We don't like change much, we like things to be nice and safe. When predicting or forecasting it's much more likely that things will be broadly the same than they will be radically different.

Again, back to the natal chart. What Saturn sounds like or feels like will be different from chart to chart.

Now, part 3. We also need to have a ponder about what we're actually doing and the tools we use to achieve these aims.

We use the words Prediction and Forecasting pretty interchangeably. There's a different feeling about these words.

Prediction seems more specific. Perhaps a few more tall, dark strangers within a prediction?

Forecasting, like the weather forecast, seems to be a more general description of a period of time.

Saturn transiting your Mercury: Forecast - a time when your ability to communicate could be blocked, difficulties getting your message across. Prediction - your computer and mobile phone will be stolen.

Which is more useful to the client? Depends what you're doing and what you want to achieve.

Maybe we should be more rigorous in the language we use. When we say prediction, do we mean specific, measurable events? I think we should.

I think we should distinguish between what I've just described as Prediction and Forecasting. Now this brings us back to what we want to achieve. Some astrologers don't want to predict, they are happy with a forecast and vice versa. Some, myself included, think that being able to have both would be kinda cool.
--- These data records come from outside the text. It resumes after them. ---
lemma Q_cofactor_dvd_A_small:
  assumes "m < 20" "Q K dvd fact m" "fact m div Q K dvd A m"
  shows "m \<in> {0, 1, 3}"
proof -
  have "fact m dvd (fact 19 :: nat)"
    using assms(1) by (simp add: fact_dvd)
  with assms(2) have "Q K dvd fact 19"
    by (rule dvd_trans)
  moreover have "K < 62"
    using Q_dvd_fact_index_le[OF assms(2)] assms(1) by linarith
  ultimately have Q_K: "Q K \<in> {1, 3, 4, 7, 32, 39, 1001}"
    by (rule Q_dvd_fact_19[rotated])
  have "(m, fact m, A m) \<in> set (map (\<lambda>j. (j, fact j, A j)) [0..<0 + 20])"
    using assms(1) by (simp only: set_map) (rule imageI, simp)
  then have "(m, fact m, A m) \<in> set (A_fact_from 20 0 1 1)"
    by (simp only: A_fact_from_eq[of 20 0, unfolded fact_0 A_0])
  with A_fact_from_20_cofactor[unfolded list_all_iff]
  have "case (m, fact m, A m) of (m, f, a) \<Rightarrow>
          \<forall>q \<in> {1, 3, 4, 7, 32, 39, 1001}. q dvd f \<longrightarrow> f div q dvd a \<longrightarrow> m \<in> {0, 1, 3}"
    by (rule bspec)
  then have "\<forall>q \<in> {1, 3, 4, 7, 32, 39, 1001}. q dvd fact m \<longrightarrow> fact m div q dvd A m \<longrightarrow> m \<in> {0, 1, 3}"
    by (simp only: prod.case)
  then have "Q K dvd fact m \<longrightarrow> fact m div Q K dvd A m \<longrightarrow> m \<in> {0, 1, 3}"
    using Q_K by (rule bspec)
  then show ?thesis
    using assms(2,3) by (rule mp[THEN mp])
qed

section \<open>The case m \<ge> 20: counting factors 2\<close>

lemma enat_numeral_power: "(numeral k :: enat) ^ n = enat (numeral k ^ n)"
  by (induction n) (simp_all add: numeral_eq_enat one_enat_def)

lemma pow2part_eq: "0 < x \<Longrightarrow> pow2part x = enat (2 ^ multiplicity 2 x)"
  by (simp add: pow2part_def enat_numeral_power)

lemma pow2_multiplicity_le: "0 < x \<Longrightarrow> 2 ^ multiplicity 2 x \<le> (x :: nat)"
  by (simp add: dvd_imp_le multiplicity_dvd)

lemma pow2_multiplicity_mult:
  fixes x y :: nat
  shows "0 < x \<Longrightarrow> 0 < y \<Longrightarrow> (2 :: nat) ^ multiplicity 2 (x * y) = 2 ^ multiplicity 2 x * 2 ^ multiplicity 2 y"
  by (simp add: prime_elem_multiplicity_mult_distrib power_add)

(* n and n + 2 are never both divisible by 4. *)
lemma pow2_multiplicity_mult_add_2_le:
  assumes "0 < n"
  shows "2 ^ multiplicity 2 (n * (n + 2)) \<le> 2 * (n + 2 :: nat)"
proof -
  have "multiplicity 2 n \<le> 1 \<or> multiplicity 2 (n + 2) \<le> (1 :: nat)"
  proof (rule ccontr)
    assume "\<not> ?thesis"
    then have "2 \<le> multiplicity 2 n" "2 \<le> multiplicity 2 (n + 2 :: nat)"
      by simp_all
    then have "4 dvd n" "4 dvd (n + 2 :: nat)"
      using multiplicity_dvd'[of 2 2 n] multiplicity_dvd'[of 2 2 "n + 2"] by simp_all
    then show False
      by presburger
  qed
  moreover have prod: "(2 :: nat) ^ multiplicity 2 (n * (n + 2)) = 2 ^ multiplicity 2 n * 2 ^ multiplicity 2 (n + 2)"
    using assms by (intro pow2_multiplicity_mult) simp_all
  ultimately show ?thesis
  proof (elim disjE)
    assume "multiplicity 2 n \<le> 1"
    then have "2 ^ multiplicity 2 n \<le> (2 :: nat)"
      using power_increasing[of _ 1 "2 :: nat"] by simp
    moreover have "2 ^ multiplicity 2 (n + 2) \<le> n + 2"
      by (rule pow2_multiplicity_le) simp
    ultimately show ?thesis
      unfolding prod by (rule mult_le_mono)
  next
    assume "multiplicity 2 (n + 2) \<le> 1"
    then have "2 ^ multiplicity 2 (n + 2) \<le> (2 :: nat)"
      using power_increasing[of _ 1 "2 :: nat"] by simp
    moreover have "2 ^ multiplicity 2 n \<le> n"
      using assms by (rule pow2_multiplicity_le)
    ultimately have "2 ^ multiplicity 2 n * 2 ^ multiplicity 2 (n + 2) \<le> n * 2"
      by (intro mult_le_mono)
    then show ?thesis
      unfolding prod by simp
  qed
qed

lemma pow2_multiplicity_Q_le:
  assumes i: "\<forall>n. pow2part (Q (3*n)) \<le> 4 * pow2part (n * (n + 2))"
    and ii: "\<forall>n. pow2part (Q (3*n+1)) \<le> 2 * pow2part (n + 1)"
    and iii: "\<forall>n. pow2part (Q (3*n+2)) = 1"
    and "0 < K"
  shows "(2 :: nat) ^ multiplicity 2 (Q K) \<le> 8 * (K div 3 + 2)"
proof -
  define n where "n = K div 3"
  have K: "K = 3 * n + K mod 3"
    by (simp add: n_def)
  have "0 < Q K"
    using \<open>0 < K\<close> by (rule Q_pos)
  consider "K mod 3 = 0" | "K mod 3 = 1" | "K mod 3 = 2"
    by linarith
  then show ?thesis
  proof cases
    case 1
    then have "K = 3 * n" "0 < n"
      using K \<open>0 < K\<close> by simp_all
    then have "(2 :: nat) ^ multiplicity 2 (Q K) \<le> 4 * 2 ^ multiplicity 2 (n * (n + 2))"
      using i[rule_format, of n] \<open>0 < Q K\<close> by (simp add: pow2part_eq numeral_eq_enat)
    also have "\<dots> \<le> 8 * (n + 2)"
      using pow2_multiplicity_mult_add_2_le[OF \<open>0 < n\<close>] by simp
    finally show ?thesis
      by (simp add: n_def)
  next
    case 2
    then have "(2 :: nat) ^ multiplicity 2 (Q K) \<le> 2 * 2 ^ multiplicity 2 (n + 1)"
      using K ii[rule_format, of n] \<open>0 < Q K\<close> by (simp add: pow2part_eq numeral_eq_enat)
    also have "\<dots> \<le> 2 * (n + 1)"
      using pow2_multiplicity_le[of "n + 1"] by simp
    finally show ?thesis
      by (simp add: n_def)
  next
    case 3
    then show ?thesis
      using K iii[rule_format, of n] \<open>0 < Q K\<close> by (simp add: pow2part_eq one_enat_def)
  qed
qed

lemma pow2_mult_fact_dvd_fact_double: "2 ^ k * fact k dvd (fact (2 * k) :: nat)"
proof (induction k)
  case (Suc k)
  have "fact (2 * Suc k) = (2 * k + 2) * ((2 * k + 1) * (fact (2 * k) :: nat))"
    by (simp add: algebra_simps)
  moreover have "2 ^ Suc k * fact (Suc k) = (2 * k + 2) * (2 ^ k * (fact k :: nat))"
    by (simp add: algebra_simps)
  moreover have "2 ^ k * fact k dvd (2 * k + 1) * (fact (2 * k) :: nat)"
    using Suc.IH by (rule dvd_mult)
  ultimately show ?case
    by (simp only: mult_dvd_mono[OF dvd_refl])
qed simp

lemma pow2_mult_fact_half_dvd_fact: "2 ^ (m div 2) * fact (m div 2) dvd (fact m :: nat)"
  using pow2_mult_fact_dvd_fact_double[of "m div 2"] fact_dvd[of "2 * (m div 2)" m]
  by (auto intro: dvd_trans)

(* The first three terms of Legendre's formula for the exponent of 2 in m!. *)
lemma pow2_legendre_dvd_fact: "2 ^ (m div 2 + m div 4 + m div 8) dvd (fact m :: nat)"
proof -
  have "m div 2 div 2 = m div 4" "m div 4 div 2 = m div 8"
    by (simp_all add: div_mult2_eq)
  then have "2 ^ (m div 4) * fact (m div 4) dvd (fact (m div 2) :: nat)"
    and "2 ^ (m div 8) dvd (fact (m div 4) :: nat)"
    using pow2_mult_fact_half_dvd_fact[of "m div 2"] pow2_mult_fact_half_dvd_fact[of "m div 4"]
    by (auto dest: dvd_mult_left)
  then have "2 ^ (m div 4) * 2 ^ (m div 8) dvd (fact (m div 2) :: nat)"
    by (meson dvd_trans mult_dvd_mono dvd_refl)
  then have "2 ^ (m div 2) * (2 ^ (m div 4) * 2 ^ (m div 8)) dvd (fact m :: nat)"
    using pow2_mult_fact_half_dvd_fact[of m] by (meson dvd_trans mult_dvd_mono dvd_refl)
  then show ?thesis
    by (simp add: power_add mult.assoc)
qed

(* Going from m to m + 8 adds 7 to the exponent, while the left side grows by a factor below 100. *)
lemma cubic_less_pow2_legendre:
  "20 \<le> m \<Longrightarrow> 8 * (m + 3) * (m + 1) ^ 2 < (2 :: nat) ^ (m div 2 + m div 4 + m div 8)"
proof (induction m rule: less_induct)
  case (less m)
  show ?case
  proof (cases "m < 28")
    case True
    then consider "m = 20" | "m = 21" | "m = 22" | "m = 23" | "m = 24" | "m = 25" | "m = 26" | "m = 27"
      using less.prems by linarith
    then show ?thesis
      by cases simp_all
  next
    case False
    define l where "l = m - 8"
    have m: "m = l + 8" "20 \<le> l"
      using False by (simp_all add: l_def)
    have "(l + 8) div 2 = l div 2 + 4" "(l + 8) div 4 = l div 4 + 2" "(l + 8) div 8 = l div 8 + 1"
      by linarith+
    then have exp: "m div 2 + m div 4 + m div 8 = (l div 2 + l div 4 + l div 8) + 7"
      unfolding m(1) by simp
    have "(l + 9) ^ 2 \<le> (5 * (l + 1)) ^ 2"
      using m(2) by (intro power_mono) simp_all
    also have "\<dots> = 25 * (l + 1) ^ 2"
      by (simp only: power_mult_distrib) simp
    finally have "(l + 9) ^ 2 \<le> 25 * (l + 1) ^ 2" .
    then have "8 * (l + 11) * (l + 9) ^ 2 \<le> 8 * (4 * (l + 3)) * (25 * (l + 1) ^ 2)"
      by (intro mult_le_mono) simp_all
    also have "\<dots> = 100 * (8 * (l + 3) * (l + 1) ^ 2)"
      by simp
    also have "\<dots> < 100 * 2 ^ (l div 2 + l div 4 + l div 8)"
      using less.IH[of l] m by simp
    also have "\<dots> < 2 ^ (l div 2 + l div 4 + l div 8 + 7)"
      by (simp add: power_add)
    finally show ?thesis
      using exp m(1) by (simp add: add.commute)
  qed
qed

lemma A_pos: "0 < A m"
  using A_Suc[of "m - 1"] by (cases m) (simp_all add: A_0)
Now the examples I've used fit nicely into the approaches used by psychological astrologers and those using more traditional methods. I've done this deliberately as these are the approaches which usually spring to mind when you're talking about these things.

Both of these approaches have merit and I don't think that either contradict the other. But they do different things and in order to use each to the best of its and your ability you need to appreciate the strengths and limitations of each.

The metaphor I've come up with for this is to think of each set of techniques as a toolbox. There are many things in each toolbox and they work with the other things within the same toolbox and have specific uses. The toolbox of a plumber and that of a carpenter may look similar but will be different. And these will look different again from the toolbox of the IT Technician.

My point is this: know what your toolbox is for. Psychological astrology has fine tools for introspection, personal development and the like, but its predictive tools are general and non specific. More properly forecasting techniques? Medieval astrology has intricate and specific predictive technique but its analysis of personality is less so.

I am not saying that you cannot own many toolboxes, but I would strongly caution using tools from one on problems better dealt with by another and I definitely avoid using a random selection of tools from many toolboxes.

There is no astrological sonic screwdriver. [2] No catch all technique which will get you out of all sticky situations. To finish, I'd like to make one last point: There is no such thing as the future, or the past, only the current moment. It is the only thing we have. The past is gone, the future not yet formed.

Creative interaction with the moment is the only way to enact true change. To get to the future, we have to start from here.

References

1. For those that did not attend the seminar, the other sessions were centred around case material and technique.

2. The tool which got Dr Who out of all kinds of scrapes and tricky situations.